| name | knowledge-base |
| description | Capture, organize, and retrieve operational knowledge + saved web content in a local `knowledge/` directory indexed by QMD. Use for “save this link”, “add to KB”, “remember this”, or “search KB”. |
| metadata | {"openclaw":{"emoji":"📚","requires":{"bins":["qmd"]}}} |
Knowledge Base
Two overlapping functions:
- Operational knowledge — tool quirks, API gotchas, runbooks, decision rationale
- URL/content archive — save articles, YouTube transcripts, PDFs, threads
Everything lives in knowledge/ and is indexed by QMD for fast keyword + semantic search.
Routing
- ✅ Use when the user says: “save this”, “add to KB”, “remember this”, “document this”, “search KB”.
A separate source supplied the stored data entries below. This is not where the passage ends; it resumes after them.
(* For any $\epsilon\in(0,1/8)$ there exist $\theta=\theta(\epsilon)>0$ and $n_0$ depending on $\epsilon$ such that for all $n\ge n_0$ and all $x\in\mathbb{S}^{n-1}$ with $|\langle x,1_n/\sqrt{n}\rangle|\le1/2$, \[\mathcal{L}(q\cdot x,\theta)\le1/2+\epsilon,\] where $q$ is uniformly distributed on the set of vectors in $\{0,1\}^n$ with coordinate sum $\lfloor n/2\rfloor$.
   Context: $1_n$ is the all-ones vector in $\mathbb{R}^n$, $\mathbb{S}^{n-1}$ the Euclidean unit sphere, and for a random variable $\xi$ and $r\ge0$, $\mathcal{L}(\xi,r)=\sup_{z\in\mathbb{R}}\mathbb{P}[|\xi-z|\le r]$. *)

theory Defs
  imports "HOL-Probability.Probability"
begin

text \<open>Vectors in R^n are modelled as functions nat => real, only coordinates i < n matter.
  Slice: 0/1 vectors (supported on {..<n}) with coordinate sum floor(n/2).\<close>
definition slice :: "nat \<Rightarrow> (nat \<Rightarrow> real) set" where
  "slice n = {q. (\<forall>i<n. q i = 0 \<or> q i = 1) \<and> (\<forall>i\<ge>n. q i = 0)
                 \<and> (\<Sum>i<n. q i) = real (n div 2)}"

definition dotn :: "nat \<Rightarrow> (nat \<Rightarrow> real) \<Rightarrow> (nat \<Rightarrow> real) \<Rightarrow> real" where
  "dotn n u v = (\<Sum>i<n. u i * v i)"

definition levy_slice :: "nat \<Rightarrow> (nat \<Rightarrow> real) \<Rightarrow> real \<Rightarrow> real" where
  "levy_slice n x r = (SUP z\<in>(UNIV::real set).
      measure (measure_pmf (pmf_of_set (slice n))) {q. \<bar>dotn n q x - z\<bar> \<le> r})"

end

theory Submission
  imports Defs
begin
(* Let $B$ be a locally compact Hausdorff space. The relative Stone--Čech compactification $\beta_B$ is a reflector, i.e. left adjoint to the inclusion functor $I\colon\mathrm{Prop}_B\hookrightarrow\mathrm{Top}_B$: for every $B$-space $(X,r)$, the space $\beta_BX$ with the anchor map $\beta_Br$ is a Hausdorff proper $B$-space, the canonical map $i\colon X\to\beta_BX$ is a $B$-map, and for every Hausdorff proper $B$-space $(X',r')$ and every $B$-map $f\colon X\to X'$ there is a unique $B$-map $f'\colon\beta_BX\to X'$ with $f'\circ i=f$.
   Context: A $B$-space is a topological space $Z$ with a continuous map $r\colon Z\to B$ (anchor map); it is proper if $r$ is proper. A $B$-map $(Z_1,r_1)\to(Z_2,r_2)$ is a continuous map $f$ with $r_2\circ f=r_1$. $\mathrm{Top}_B$ is the category of $B$-spaces and $B$-maps; $\mathrm{Prop}_B$ is its full subcategory of $B$-spaces $(Z,r)$ with $Z$ Hausdorff and $r$ proper. For a $B$-space $(X,r)$, let $H_X\subseteq\mathrm{C_b}(X)$ be the closed linear span of the products $f\cdot(h\circ r)$ with $f\in\mathrm{C_b}(X)$ (bounded continuous functions) and $h\in\mathrm C_0(B)$; this is a commutative C*-algebra. The relative Stone--Čech compactification $\beta_BX$ is the spectrum of $H_X$ (so $H_X\cong\mathrm C_0(\beta_BX)$); $i\colon X\to\beta_BX$ maps $x$ to the character $\varphi\mapsto\varphi(x)$ of $H_X$. The anchor map $\beta_Br\colon\beta_BX\to B$ is the unique continuous map with $\beta_Br\circ i=r$. *)

theory Defs
  imports "HOL-Analysis.Analysis"
begin

definition Cb :: "'a topology \<Rightarrow> ('a \<Rightarrow> complex) set" where
  "Cb X = {f. continuous_map X euclidean f \<and> (\<exists>M. \<forall>x\<in>topspace X. norm (f x) \<le> M)
              \<and> (\<forall>x. x \<notin> topspace X \<longrightarrow> f x = 0)}"

definition C0 :: "'b topology \<Rightarrow> ('b \<Rightarrow> complex) set" where
  "C0 B = {h. continuous_map B euclidean h
              \<and> (\<forall>e>0. compactin B {b \<in> topspace B. norm (h b) \<ge> e})
              \<and> (\<forall>b. b \<notin> topspace B \<longrightarrow> h b = 0)}"

definition fspan :: "('a \<Rightarrow> complex) set \<Rightarrow> ('a \<Rightarrow> complex) set" where
  "fspan G = {(\<lambda>x. \<Sum>j<(n::nat). c j * u j x) | n c u. \<forall>j<n. u j \<in> G}"

definition HX :: "'a topology \<Rightarrow> 'b topology \<Rightarrow> ('a \<Rightarrow> 'b) \<Rightarrow> ('a \<Rightarrow> complex) set" where
  "HX X B r = {g \<in> Cb X. \<forall>e>0. \<exists>s \<in> fspan {(\<lambda>x. f x * h (r x)) | f h. f \<in> Cb X \<and> h \<in> C0 B}.
                  \<forall>x\<in>topspace X. norm (g x - s x) \<le> e}"

definition characters :: "('a \<Rightarrow> complex) set \<Rightarrow> (('a \<Rightarrow> complex) \<Rightarrow> complex) set" where
  "characters H = {\<phi> \<in> H \<rightarrow>\<^sub>E UNIV.
      (\<forall>f\<in>H. \<forall>g\<in>H. \<phi> (\<lambda>x. f x + g x) = \<phi> f + \<phi> g)
    \<and> (\<forall>f\<in>H. \<forall>c. \<phi> (\<lambda>x. c * f x) = c * \<phi> f)
    \<and> (\<forall>f\<in>H. \<forall>g\<in>H. \<phi> (\<lambda>x. f x * g x) = \<phi> f * \<phi> g)
    \<and> (\<exists>f\<in>H. \<phi> f \<noteq> 0)}"

text \<open>The relative Stone--Cech compactification: spectrum of H_X with the weak-* (Gelfand) topology,
  i.e. the subspace topology of the product topology on functions H_X \<rightarrow> complex.\<close>
definition betaB :: "'a topology \<Rightarrow> 'b topology \<Rightarrow> ('a \<Rightarrow> 'b) \<Rightarrow> (('a \<Rightarrow> complex) \<Rightarrow> complex) topology" where
  "betaB X B r = subtopology (product_topology (\<lambda>_. euclidean) (HX X B r)) (characters (HX X B r))"

definition beta_i :: "'a topology \<Rightarrow> 'b topology \<Rightarrow> ('a \<Rightarrow> 'b) \<Rightarrow> 'a \<Rightarrow> (('a \<Rightarrow> complex) \<Rightarrow> complex)" where
  "beta_i X B r x = restrict (\<lambda>g. g x) (HX X B r)"

text \<open>The anchor map of beta_B X: the (unique) continuous map with beta_r o i = r.\<close>
definition beta_r :: "'a topology \<Rightarrow> 'b topology \<Rightarrow> ('a \<Rightarrow> 'b) \<Rightarrow> (('a \<Rightarrow> complex) \<Rightarrow> complex) \<Rightarrow> 'b" where
  "beta_r X B r = (SOME q. continuous_map (betaB X B r) B q
                     \<and> (\<forall>x\<in>topspace X. q (beta_i X B r x) = r x))"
- ❌ Don’t use for simple web-page extraction if the user just wants the answer now → use
web_fetch directly.
Quick start
1) Create the directory scaffold (recommended)
Copy templates into your OpenClaw workspace:
rsync -av templates/knowledge/ ~/.openclaw/workspace/knowledge/
2) Ingest a URL
From your workspace root:
python3 skills/knowledge-base/scripts/ingest.py "https://example.com/article"
python3 skills/knowledge-base/scripts/ingest.py "https://youtube.com/watch?v=..."
python3 skills/knowledge-base/scripts/ingest.py "https://example.com/file.pdf"
Optional metadata (skip LLM calls):
python3 skills/knowledge-base/scripts/ingest.py "<URL>" \
--title "Readable Title" \
--tags "rag,openclaw,workflows" \
--summary "Why this is worth saving"
3) Search
qmd search "meta ads" -c knowledge
qmd vsearch "how do we authenticate jira" -c knowledge
qmd query "slack block streaming" -c knowledge
Notes / Dependencies
- Works with no extra installs for basic HTML pages (urllib fallback).
- Better extraction if you install
trafilatura.
- YouTube transcripts: tries
youtube-transcript-api, falls back to yt-dlp if available.
- PDF text extraction: uses
pdftotext (Poppler).
Keep secrets out of the KB. For credentials, store them in a password manager / keychain and write where to find them, not the values.